In ‘History of Beauty,’ Umberto Eco suggested that beauty’s power over others happens through subconscious instinct. Good looks compel powerful responses in others, a theory that has long held weight with economists who examine aesthetics and salary distribution. The beauty premium focuses on an unexplained phenomenon that seems to bring imbalance to the labor market. Classic ideas of beauty have been directly linked to earning potential.
Harvard economists, Mobius and Rosenblat, dug into the issue of looks and career in a 2006 study that aimed to determine whether confidence, performance or beauty governed employer hiring decisions. Their trials revealed that employers have greater professional confidence in women they consider attractive. The results were dramatic enough to raise the most impervious of eyebrows; the beauty premium governed a total of 55% of interview outcomes.

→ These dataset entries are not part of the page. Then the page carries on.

lemma nn_integral_sexp_time_excess_le:
  assumes l: "l > 0" and mu: "mu > 0" and c: "l \<le> c"
  shows "(\<integral>\<^sup>+y. ennreal (max 0 (y - c)) \<partial>sexp_time mu l) \<le> ennreal (2 * (l / mu) * exp (- mu * (c / l - 1)))"
proof -
  define E where "E = exp (- mu * (c / l - 1))"
  define q where "q = exp (-1::real)"
  txt \<open>Steps of length \<open>l/\<mu>\<close> make the tail probabilities a geometric series with ratio
    \<open>e\<^sup>-\<^sup>1 \<le> 1/2\<close>.\<close>
  have q: "0 \<le> q" "q \<le> 1 / 2" unfolding q_def using exp_minus_one_le_half by auto
  have tail: "emeasure (sexp_time mu l) {c + real k * (l / mu)<..} = ennreal (E * q ^ k)" for k
  proof -
    have "l \<le> c + real k * (l / mu)" using l mu c by (simp add: add_increasing2)
    moreover have "- mu * ((c + real k * (l / mu)) / l - 1) = - mu * (c / l - 1) + real k * (-1)"
      using l mu by (simp add: field_simps)
    moreover have "exp (- mu * (c / l - 1) + real k * (-1)) = E * q ^ k"
      unfolding E_def q_def by (simp only: exp_add exp_of_nat_mult)
    ultimately show ?thesis
      by (simp only: emeasure_sexp_time_greaterThan[OF l mu])
  qed
  have "(\<integral>\<^sup>+y. ennreal (max 0 (y - c)) \<partial>sexp_time mu l)
      \<le> ennreal (l / mu) * (\<Sum>k. emeasure (sexp_time mu l) {c + real k * (l / mu)<..})"
    using l mu by (intro nn_integral_excess_le_suminf_emeasure) simp_all
  also have "(\<Sum>k. emeasure (sexp_time mu l) {c + real k * (l / mu)<..}) = ennreal (E * (1 / (1 - q)))"
    unfolding tail using q by (intro suminf_ennreal_eq sums_mult geometric_sums) (auto simp: E_def)
  also have "ennreal (l / mu) * ennreal (E * (1 / (1 - q))) \<le> ennreal (2 * (l / mu) * E)"
    using l mu q by (auto simp: E_def field_simps ennreal_mult[symmetric] intro!: ennreal_leI)
  finally show ?thesis unfolding E_def .
qed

Doorley and Sierminskas were inspired to conduct a 2012 trial, which proved that wages are distributed according to the looks of both men and women. Naomi Woolfe may have focused on the myths of beauty, but in the corporate job market, professionals are unconsciously responding to attractiveness in an authentic and pervasive way. Those who are young and attractive command loftier salaries and more vibrant career paths. People with below average looks earn an average of 9% less, while those with above average looks earn 5% more than those with average appearances.
In today’s dwindling economy, it is no longer enough to participate in the job market using competence alone. Almost 8% of U.S. citizens were unemployed in January 2013. Eight million citizens were underemployed and the majority of employed citizens were dissatisfied with their salaries. The labor market has become fiercely competitive and age discrimination is rife. Where the majority of workers in their thirties take three months to find employment, most of those in their sixties remain in the job market for between 12 and eighteen months before finding work.
Job seekers are waking up to the facts about beauty and career and using them to gain career fulfillment. The cosmetic surgery industry has ballooned by 500% since 2007, with the majority of procedures targeting the pursuit of youthfulness. Cosmetic surgery has become a hidden resume attachment that improves career opportunities. In Western countries where interviewers need to avoid accusations of contravening the Age Discrimination in Employment Act, more candidates are having face-lifts to create the illusion of youthfulness.
Age discrimination is the only remaining legal bias and interviewees are gaining a competitive edge against younger applicants through cosmetic procedures that erase their sagging and wrinkles. To fall on the right side of the beauty bias, 13% of women and 10% of men would choose cosmetic surgery if they were certain it would give them a steeper climb to the top of the career ladder.
Hiring managers today are less reticent to admit that they consider attractiveness to be a valid factor when choosing staff. Most readily admit that beauty is placed higher in their selection criteria than education. Face-lifts that improve youthful contouring may be the magical factor that takes careers to new heights.